Sphincteroplasty dianggap sebagai metode intervensi bedah yang paling umum. Metode ini difokuskan pada penyatuan kembali otot-otot sfingter, yang mengalami perpisahan karena pecah (misalnya, saat melahirkan atau selama cedera). Operasi semacam itu dilakukan oleh dokter umum, ahli bedah kolorektal atau ahli bedah kandungan.

Ada metode lain intervensi bedah, yang terdiri dari menempatkan manset tiup yang dikelilingi oleh anus ("sfingter buatan") selama implantasi subkutan dari "pompa" dimensi kecil. Pompa diaktifkan oleh pasien (ini dilakukan untuk mengembang / menurunkan manset). Metode ini jarang digunakan, dilakukan di bawah kendali ahli bedah kolorektal.

Kiat inkontinensia

Inkontinensia fekal, seperti yang Anda pahami, dapat menyebabkan sejumlah masalah, mulai dari rasa malu yang dangkal hingga depresi mendalam terhadap latar belakang ini, perasaan kesepian dan ketakutan. Oleh karena itu, penerapan metode praktis tertentu sangat penting untuk meningkatkan kualitas hidup pasien. Langkah pertama dan utama, tentu saja, adalah menghubungi spesialis. Penghalang ini harus dilewati, meskipun mungkin memalukan, malu, dan emosi lainnya, yang karena itu pergi ke spesialis sepertinya masalah tersendiri. Tetapi masalah itu sendiri, yang merupakan inkontinensia tinja, sebagian besar dapat dipecahkan, tetapi hanya jika pasien tidak "mendorong diri mereka sendiri ke sudut" dan tidak bereaksi terhadap semuanya, dengan lambaian tangan dan memilih posisi pengasingan untuk diri mereka sendiri.

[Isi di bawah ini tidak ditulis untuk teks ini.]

(* The disjoint-greedy algorithm has approximation ratio $\Omega\!\left(\frac{n}{\log^2 n}\right)$ for the minimum-cardinality island partition problem. That is, there exist a constant $c>0$ and inputs $S$ with arbitrarily large numbers $n$ of points such that the island partition returned by disjoint-greedy on $S$ contains at least $c\cdot \frac{n}{\log^2 n}\cdot \mathrm{Opt}_{\mathrm{P}}(S)$ islands.
   Context: The input is a set $S$ of $n$ points in the plane, each having one of $k\ge 2$ colors. A set of points is monochromatic if all its points have the same color. An island is a subset $I\subseteq S$ with $\mathrm{CH}(I)\cap S = I$, where $\mathrm{CH}(I)$ is the convex hull of $I$. An island partition of $S$ is a partition of $S$ into monochromatic islands whose convex hulls are pairwise disjoint; $\mathrm{Opt}_{\mathrm{P}}(S)$ denotes the minimum number of islands in an island partition of $S$. The disjoint-greedy algorithm builds an island partition by repeatedly choosing, among all monochromatic islands whose convex hull is disjoint from the convex hulls of all islands chosen so far, one that covers the largest number of not-yet-covered points of $S$, until all points of $S$ are covered. *)

theory Defs
  imports "HOL-Analysis.Analysis"
begin

type_synonym point = "real \<times> real"

definition monochromatic :: "(point \<Rightarrow> nat) \<Rightarrow> point set \<Rightarrow> bool" where
  "monochromatic col I \<longleftrightarrow> (\<forall>x\<in>I. \<forall>y\<in>I. col x = col y)"

definition island :: "point set \<Rightarrow> point set \<Rightarrow> bool" where
  "island S I \<longleftrightarrow> I \<subseteq> S \<and> convex hull I \<inter> S = I"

Jadi, berikut adalah beberapa tips, berikut ini, dengan urgensi inkontinensia fecal, Anda akan dapat mengendalikan masalah ini dengan cara tertentu dalam kondisi yang paling tidak berkontribusi pada respons yang memadai terhadap situasi:

  • meninggalkan rumah, mengunjungi toilet, mencoba, dengan demikian, mengosongkan usus;
  • sekali lagi, ketika pergi, Anda harus menjaga ketersediaan pakaian dan bahan yang dapat diganti, dengan bantuan yang Anda dapat dengan cepat menghilangkan "kerusakan" (serbet, dll.);
  • mencoba menemukan toilet di tempat Anda sebelum Anda membutuhkannya, ini akan mengurangi jumlah ketidaknyamanan yang terkait dengan ini dan dengan cepat menemukan jalan Anda;
  • jika ada saran bahwa kehilangan kontrol usus adalah situasi yang memungkinkan, maka pakaian dalam lebih baik untuk sekali pakai;
  • gunakan pil yang mengurangi intensitas bau gas dan feses, tablet semacam itu tersedia tanpa resep, tetapi lebih baik memercayai nasihat dokter dalam hal ini.

Dalam kasus inkontinensia fekal, Anda dapat mulai dengan menghubungi dokter Anda (dokter umum atau dokter anak), ia akan merujuk Anda ke spesialis tertentu (proktologis, ahli bedah kolorektal, ahli gastroenterologi atau psikolog) berdasarkan konsultasi.

Jika Anda berpikir bahwa Anda memiliki inkontinensia tinja dan karakteristik gejala penyakit ini, maka dokter dapat membantu Anda: proktologis, gastroenterologis, psikoterapis.

Kami juga menyarankan untuk menggunakan layanan diagnostik penyakit online kami, yang memilih kemungkinan penyakit berdasarkan gejala yang dimasukkan.